Your weighted shadow swing follow-through will not look like your racket follow-through, because the physics of deceleration are different with something heavier. This is fine. Allow yourself to rotate as much as your body wants to. You might feel like “this would definitely constitute over-rotating on my actual forehand,” and you’re right, but that’s not actually an issue. Your body is merely decelerating the heavy weight you’ve just accelerated. Because it’s so heavy, it takes more space to decelerate. It won’t be an issue when you get back to the racket.

3. Foot Striking / Landing

The increased forces applied during the weighted shadow swing lead to more punishing landings. If you aren’t landing well, you can tweak your feet/ankles while shadow swinging. Again, start slow. The first few times you swing off the ground, don’t swing far off the ground.
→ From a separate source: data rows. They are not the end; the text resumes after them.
definition K_gr :: "gr_creature set" where
  "K_gr = {(a, b, u). a < b \<and> u \<noteq> {} \<and> u \<subseteq> {a..<b}}"

definition Sig_gr :: "gr_creature list \<Rightarrow> gr_creature set option" where
  "Sig_gr cs =
     (if cs \<noteq> [] \<and> set cs \<subseteq> K_gr
         \<and> (\<forall>l. Suc l < length cs \<longrightarrow> fst (snd (cs ! l)) = fst (cs ! Suc l))
      then Some {c. fst c = fst (hd cs) \<and> fst (snd c) = fst (snd (last cs))
                   \<and> (\<exists>v. v \<noteq> {} \<and> v \<subseteq> {..<length cs}
                          \<and> snd (snd c) = (\<Union>l\<in>v. snd (snd (cs ! l))))}
      else None)"

definition q_gr :: "gr_creature pcrf" where
  "q_gr = \<lparr> K = K_gr, Sig = Sig_gr, mdn = fst, mup = (\<lambda>c. fst (snd c)),
            nor = (\<lambda>c. real (fst c)), val = (\<lambda>c. snd (snd c)) \<rparr>"

text \<open>Moves are indexed by positions: Some a for a in the field of the well order
 r (representing the ordinal kappa), and None for the last move kappa.
 So there are kappa+1 moves.\<close>

definition pos :: "'i rel \<Rightarrow> 'i option set" where
  "pos r = Some ` Field r \<union> {None}"

fun pos_lt :: "'i rel \<Rightarrow> 'i option \<Rightarrow> 'i option \<Rightarrow> bool" where
  "pos_lt r (Some a) (Some b) \<longleftrightarrow> (a, b) \<in> r \<and> a \<noteq> b"
| "pos_lt r (Some a) None \<longleftrightarrow> True"
| "pos_lt r None _ \<longleftrightarrow> False"

definition pos_le :: "'i rel \<Rightarrow> 'i option \<Rightarrow> 'i option \<Rightarrow> bool" where
  "pos_le r x y \<longleftrightarrow> pos_lt r x y \<or> x = y"

text \<open>History of the non-empty player's moves up to (and including) position a.\<close>

definition restr :: "'i rel \<Rightarrow> ('i option \<Rightarrow> 'x) \<Rightarrow> 'i option \<Rightarrow> 'i option \<Rightarrow> 'x" where
  "restr r h a = (\<lambda>b. if pos_le r b a then h b else undefined)"

text \<open>sigma is a strategy of the empty player: from the history of the
 non-empty player's moves up to position a it computes the answer d_a.
 legal_upto: all non-empty moves h b, b \<le> a, are legal.\<close>

definition legal_upto :: "'c pcrf \<Rightarrow> 'i rel
    \<Rightarrow> (('i option \<Rightarrow> nat \<Rightarrow> 'c) \<Rightarrow> 'i option \<Rightarrow> (nat \<Rightarrow> 'c))
    \<Rightarrow> ('i option \<Rightarrow> nat \<Rightarrow> 'c) \<Rightarrow> 'i option \<Rightarrow> bool" where
  "legal_upto q r \<sigma> h a \<longleftrightarrow>
     (\<forall>b \<in> pos r. pos_le r b a \<longrightarrow> h b \<in> Qset q
        \<and> (\<forall>g \<in> pos r. pos_lt r g b \<longrightarrow> qle q (\<sigma> (restr r h g) g) (h b)))"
Work up to the full, flying off the ground swing where your legs kick up.

I prefer to shadow swing barefoot, so that I can really feel the ground and work on absorbing that force as I land. Whether you swing barefoot or in your tennis shoes, be cognizant of the fact that landing is a part of the motion. Just like you should allow yourself to “over rotate” on the follow-through, allow yourself to use multiple steps to land. Allow your feet to bounce off the ground until all the force has been dissipated, never fighting your body’s natural attempts to slow you down.

4. Hand / Blistering

Be aware of the skin that’s in contact with the weight you’re swinging. Because we’re increasing the forces involved in the swing, we’re increasing the stress on that skin. If you feel the skin starting to blister, stop for the day. It’s much better to let it recover, then train again tomorrow, than it is to get all the way to a blister, and then have to take a few days off while it heals.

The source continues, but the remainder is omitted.